Advocates of net neutrality and an open internet say this is the best way to maintain a level playing field for business and innovation and for the circulation of ideas. The US has, until recently, played a leading role in setting regulatory standards and enforcing net neutrality.

However, in January 2018, the US Federal Communication Commission (FCC), previously rigorous in affirming and protecting net neutrality, issued an order embracing a more market-based policy: broadband internet access is not classified anymore as a telecommunication service, but as an information service, consequently free from the ‘heavy’ regulation of common carriers and related obligations of non-discrimination. Ostensibly the FCC has sought to restore a ‘light touch’ approach by the state towards how internet traffic is regulated yet, while the title and the aim of the FCC’s recent order sounds promising (‘Restoring Internet Freedom’), the first consequence of the repeal of net neutrality will likely be economic benefit for ISPs, which will be allowed to exploit and sell the prioritisation of data packages. This will likely impede entry for innovation and small businesses unable to compete with the established players.
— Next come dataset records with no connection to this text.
lemma birth_weight_perturbation:
  fixes \<rho> \<rho>s M Ms :: "nat \<Rightarrow> real" and \<sigma> x e eM \<epsilon> :: real and k :: nat
  assumes k: "1 \<le> k" and \<sigma>: "1 < \<sigma>" and x: "0 \<le> x" "x \<le> 1"
    and \<rho>: "\<And>i. i < k \<Longrightarrow> 0 \<le> \<rho> i \<and> \<rho> i \<le> 1"
    and \<rho>s: "\<And>i. i < k \<Longrightarrow> 0 \<le> \<rho>s i \<and> \<rho>s i \<le> 1"
    and d\<rho>: "\<And>i. i < k \<Longrightarrow> \<bar>\<rho> i - \<rho>s i\<bar> \<le> e"
    and Ms: "\<And>l. l \<le> k \<Longrightarrow> 0 \<le> Ms l \<and> Ms l \<le> 1"
    and dM: "\<And>l. l \<le> k \<Longrightarrow> \<bar>M l - Ms l\<bar> \<le> eM"
    and d\<epsilon>: "\<bar>\<epsilon>\<bar> \<le> eM"
  shows "\<bar>birth_weight \<sigma> k \<rho> M \<epsilon> x - birth_weight \<sigma> k \<rho>s Ms 0 x\<bar> \<le> (\<sigma> + 2 * real k + 3) * (e + eM)"
proof -
  have e0: "0 \<le> e" using d\<rho>[of 0] k by linarith
  have eM0: "0 \<le> eM" using d\<epsilon> by linarith
  have prod: "\<bar>\<rho> l * M l - \<rho>s l * Ms l\<bar> \<le> e + eM" if "l < k" for l
    using that \<rho> Ms d\<rho> dM by (intro abs_mult_diff_le) auto
  have t1: "\<bar>\<sigma> * \<rho> 0 * M 0 - \<sigma> * \<rho>s 0 * Ms 0\<bar> \<le> \<sigma> * (e + eM)"
    using prod[of 0] k \<sigma> by (simp add: abs_mult mult.assoc flip: right_diff_distrib)
  have "\<bar>(\<Sum>l\<in>{1..k-1}. \<rho> l * M l) - (\<Sum>l\<in>{1..k-1}. \<rho>s l * Ms l)\<bar> \<le> (\<Sum>l\<in>{1..k-1}. e + eM)"
    unfolding sum_subtractf[symmetric] by (rule order_trans[OF sum_abs sum_mono]) (use prod in auto)
  also have "\<dots> \<le> real k * (e + eM)" using e0 eM0 by (simp add: mult_right_mono)
  finally have t2: "\<bar>(\<Sum>l\<in>{1..k-1}. \<rho> l * M l) - (\<Sum>l\<in>{1..k-1}. \<rho>s l * Ms l)\<bar> \<le> real k * (e + eM)" .
  have "\<bar>x * M k - x * Ms k\<bar> = x * \<bar>M k - Ms k\<bar>" using x by (simp add: abs_mult flip: right_diff_distrib)
  also have "\<dots> \<le> 1 * eM" using x dM[of k] by (intro mult_mono) auto
  finally have t3: "\<bar>x * M k - x * Ms k\<bar> \<le> e + eM" using e0 by simp
  have "\<bar>1 - (\<Sum>l<k. \<rho> l) - x\<bar> \<le> real k + 2"
    using x \<rho> sum_mono[of "{..<k}" \<rho> "\<lambda>_. 1"] sum_nonneg[of "{..<k}" \<rho>] by auto
  then have "\<bar>(1 - (\<Sum>l<k. \<rho> l) - x) * \<epsilon>\<bar> \<le> (real k + 2) * eM" unfolding abs_mult
    using d\<epsilon> by (intro mult_mono) auto
  then have t4: "\<bar>(1 - (\<Sum>l<k. \<rho> l) - x) * \<epsilon>\<bar> \<le> (real k + 2) * (e + eM)"
    using e0 by (smt (verit) mult_left_mono of_nat_0_le_iff)
  have "\<bar>birth_weight \<sigma> k \<rho> M \<epsilon> x - birth_weight \<sigma> k \<rho>s Ms 0 x\<bar>
      \<le> \<sigma> * (e + eM) + real k * (e + eM) + (e + eM) + (real k + 2) * (e + eM)"
    using t1 t2 t3 t4 unfolding birth_weight_def by (simp add: abs_triangle_ineq)
  then show ?thesis by (simp add: algebra_simps)
qed

lemma birth_weight_bounds:
  assumes k: "1 \<le> k" and \<sigma>: "1 < \<sigma>" and x: "0 \<le> x" "x \<le> 1"
    and \<rho>s: "\<And>i. i < k \<Longrightarrow> 0 \<le> \<rho>s i \<and> \<rho>s i \<le> 1"
    and Ms: "\<And>l. l \<le> k \<Longrightarrow> 0 \<le> Ms l \<and> Ms l \<le> 1"
  shows "0 \<le> birth_weight \<sigma> k \<rho>s Ms 0 x \<and> birth_weight \<sigma> k \<rho>s Ms 0 x \<le> \<sigma> + real k"
proof -
  have "\<rho>s 0 * Ms 0 \<le> 1" using \<rho>s[of 0] Ms[of 0] k by (intro mult_le_one) auto
  then have "\<sigma> * (\<rho>s 0 * Ms 0) \<le> \<sigma> * 1" using \<sigma> by (intro mult_left_mono) auto
  then have "\<sigma> * \<rho>s 0 * Ms 0 \<le> \<sigma>" by (simp add: mult.assoc)
  moreover have "0 \<le> \<sigma> * \<rho>s 0 * Ms 0" using \<rho>s[of 0] Ms[of 0] k \<sigma> by simp
  moreover have "(\<Sum>l\<in>{1..k-1}. \<rho>s l * Ms l) \<le> (\<Sum>l\<in>{1..k-1}. 1)"
    using \<rho>s Ms by (intro sum_mono) (auto intro: mult_le_one)
  moreover have "(\<Sum>l\<in>{1..k-1}. 1) = real k - 1" using k by (simp add: of_nat_diff)
  moreover have "0 \<le> (\<Sum>l\<in>{1..k-1}. \<rho>s l * Ms l)" using \<rho>s Ms by (intro sum_nonneg) auto
  moreover have "x * Ms k \<le> 1" "0 \<le> x * Ms k" using x Ms[of k] by (auto intro: mult_le_one)
  ultimately show ?thesis unfolding birth_weight_def mult_zero_right add_0_right by linarith
qed

lemma birth_fraction_perturbation:
  fixes \<rho> \<rho>s M Ms :: "nat \<Rightarrow> real" and \<sigma> x e eM \<epsilon> :: real and k :: nat
  assumes k: "1 \<le> k" and \<sigma>: "1 < \<sigma>" and x: "0 \<le> x" "x \<le> 1"
    and \<rho>: "\<And>i. i < k \<Longrightarrow> 0 \<le> \<rho> i \<and> \<rho> i \<le> 1"
    and \<rho>s: "\<And>i. i < k \<Longrightarrow> 0 \<le> \<rho>s i \<and> \<rho>s i \<le> 1"
    and d\<rho>: "\<And>i. i < k \<Longrightarrow> \<bar>\<rho> i - \<rho>s i\<bar> \<le> e"
    and Ms: "\<And>l. l \<le> k \<Longrightarrow> 0 \<le> Ms l \<and> Ms l \<le> 1"
    and dM: "\<And>l. l \<le> k \<Longrightarrow> \<bar>M l - Ms l\<bar> \<le> eM"
    and d\<epsilon>: "\<bar>\<epsilon>\<bar> \<le> eM"
  shows "\<bar>birth_fraction \<sigma> k \<rho> M \<epsilon> x - birth_fraction \<sigma> k \<rho>s Ms 0 x\<bar> \<le> 2 * \<sigma> * (\<sigma> + 2 * real k + 3) * (e + eM)"
proof -
  have e0: "0 \<le> e" using d\<rho>[of 0] k by linarith
  have eM0: "0 \<le> eM" using d\<epsilon> by linarith
  have "\<bar>((\<sigma> - 1) * \<rho> 0 + 1) - ((\<sigma> - 1) * \<rho>s 0 + 1)\<bar> = (\<sigma> - 1) * \<bar>\<rho> 0 - \<rho>s 0\<bar>"
    using \<sigma> by (simp add: abs_mult flip: right_diff_distrib)
  also have "\<dots> \<le> \<sigma> * e" using d\<rho>[of 0] k \<sigma> e0 by (intro mult_mono) auto
  finally have dD: "\<bar>((\<sigma> - 1) * \<rho> 0 + 1) - ((\<sigma> - 1) * \<rho>s 0 + 1)\<bar> \<le> \<sigma> * e" .
  have "(\<sigma> - 1) * \<rho>s 0 \<le> (\<sigma> - 1) * 1" using \<rho>s[of 0] k \<sigma> by (intro mult_left_mono) auto
  then have Ds_le: "(\<sigma> - 1) * \<rho>s 0 + 1 \<le> \<sigma>" by simp
  have "\<bar>birth_fraction \<sigma> k \<rho> M \<epsilon> x - birth_fraction \<sigma> k \<rho>s Ms 0 x\<bar>
      \<le> (\<sigma> + 2 * real k + 3) * (e + eM) * \<sigma> + (\<sigma> + real k) * (\<sigma> * e)"
    unfolding birth_fraction_def using \<rho>[of 0] \<rho>s[of 0] k \<sigma> dD Ds_le
      birth_weight_perturbation[OF assms] birth_weight_bounds[OF k \<sigma> x \<rho>s Ms]
    by (intro abs_divide_diff_le) auto
  also have "\<dots> \<le> 2 * \<sigma> * (\<sigma> + 2 * real k + 3) * (e + eM)"
  proof -
    have "(\<sigma> + real k) * (\<sigma> * e) \<le> (\<sigma> + 2 * real k + 3) * (\<sigma> * (e + eM))"
      using \<sigma> e0 eM0 by (intro mult_mono) auto
    then show ?thesis by (simp add: algebra_simps)
  qed
  finally show ?thesis .
qed

definition limit_fraction :: "real \<Rightarrow> real \<Rightarrow> real \<Rightarrow> real" where
  "limit_fraction \<sigma> c x = (c * (\<sigma> - 1) + x) / \<sigma>"

lemma limit_fraction_margins:
  assumes s: "\<sigma> > 1" and "\<epsilon> \<le> (\<sigma> - 1) * c / \<sigma>" "\<epsilon> \<le> (\<sigma> - 1) * (1 - c) / \<sigma>" "0 \<le> x" "x \<le> 1"
  shows "\<epsilon> \<le> limit_fraction \<sigma> c x \<and> \<epsilon> \<le> 1 - limit_fraction \<sigma> c x"
proof -
  have "(\<sigma> - 1) * c / \<sigma> \<le> (c * (\<sigma> - 1) + x) / \<sigma>" "(c * (\<sigma> - 1) + x) / \<sigma> \<le> (c * (\<sigma> - 1) + 1) / \<sigma>"
    using assms by (intro divide_right_mono; simp add: algebra_simps)+
  moreover have "1 - (c * (\<sigma> - 1) + 1) / \<sigma> = (\<sigma> - 1) * (1 - c) / \<sigma>" using s by (simp add: field_simps)
  ultimately show ?thesis using assms unfolding limit_fraction_def by (intro conjI; linarith)
qed

lemma limit_fraction_drift: "\<sigma> \<noteq> 0 \<Longrightarrow> limit_fraction \<sigma> c x - x = (\<sigma> - 1) * (c - x) / \<sigma>"
  by (simp add: limit_fraction_def field_simps)

lemma birth_fraction_limit:
  assumes a: "a > 0" and sa: "\<sigma> * exp (- a) > 1" and k: "1 \<le> k"
  shows "birth_fraction \<sigma> k (rho_star \<sigma> a) (\<lambda>l. Mh_limit a l k) 0 x = limit_fraction \<sigma> (rho_star \<sigma> a k) x"
proof -
  have s: "\<sigma> > 1" by (rule gt_one_if_mult_exp_neg_gt_one[OF a sa])
  have "(\<Sum>l\<in>{1..k-1}. rho_star \<sigma> a l * Mh_limit a l k)
      = exp (- a) * (\<Sum>l\<in>{1..k-1}. rho_star \<sigma> a l * (a ^ (k - l) / fact (k - l)))"
    unfolding sum_distrib_left by (rule sum.cong) (auto simp: Mh_limit_def)
  then have "birth_weight \<sigma> k (rho_star \<sigma> a) (\<lambda>l. Mh_limit a l k) 0 x
      = exp (- a) * (\<sigma> * rho_star \<sigma> a 0 * (a ^ k / fact k)
         + (\<Sum>l\<in>{1..k-1}. rho_star \<sigma> a l * (a ^ (k - l) / fact (k - l)))) + x * exp (- a)"
    by (simp add: birth_weight_def Mh_limit_def algebra_simps)
  also have "\<dots> = exp (- a) * (rho_star \<sigma> a k * (\<sigma> - 1) + x)"
    by (simp only: rho_star_fixed_point[OF s k]) (simp add: algebra_simps)
  finally show ?thesis
    using s by (simp add: birth_fraction_def limit_fraction_def rho_star_0)
qed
Aside from the obvious competitive drawbacks, repealing net neutrality may have repercussions for human rights. The internet has proved an excellent tool for freedom of expression, giving people access to information and the ability to reach a global audience and disseminate ideas in ways that were not possible before. In human rights terms, net neutrality puts everyone on a level playing field, with the same access and ability to seek, receive and impart information and ideas from a plurality of sources. Selecting ‘privileged’ data channels breaks this mechanism and jeopardises the free and open accessibility of the web and its wide and plural content.

At a first glance, the European Union’s approach to net neutrality looks less susceptible to this political sea change. After heated debate on the modalities of a legal framework on net neutrality, in 2015 the EU passed a regulation that defines the rules for an ‘open internet’. Some member states (Finland, The Netherlands and Slovenia) had paved the way with their own laws before 2015 which were, in some areas, more stringent than the EU’s. Under EU regulations, providers of internet access services have to treat ‘all traffic equally, without discrimination, restriction or interference, and irrespective of the sender and receiver, the content accessed or distributed, the applications or services used or provided, or the terminal equipment used’.

‘Repealing net neutrality may have repercussions for human rights,’ argues the Centre for Media Pluralism and Freedom.

Despite such strong wording, the EU regulation does allow a practice which could erode the principle of net neutrality: ‘zero rating’. Zero rating occurs when an ISP (usually in the mobile sector) decides not to cap data traffic on specific applications. For instance, a user’s phone plan may include a one gigabyte per month cap of internet data but offer unlimited use of a messaging application, music streaming app, social media or even a news service. It may be a single application or a suite, however the price for those specific applications is zero. In some cases the zero rated apps are sponsored; the edge provider pays for the privilege of being zero rated.

In competitive terms it gives entrenched companies an unfair advantage over less-established start-ups without the resources to compete, and thus also stifles innovation. In human rights terms, zero rating can be seen as limiting freedom of expression and media pluralism by creating preferential channels to spread and receive content and information. Research has shown that in countries where zero rating practices have been introduced, users will be more likely to use the zero rated services over others despite their specific virtues or lack thereof, creating ‘walled gardens’ where access to open internet is diminished.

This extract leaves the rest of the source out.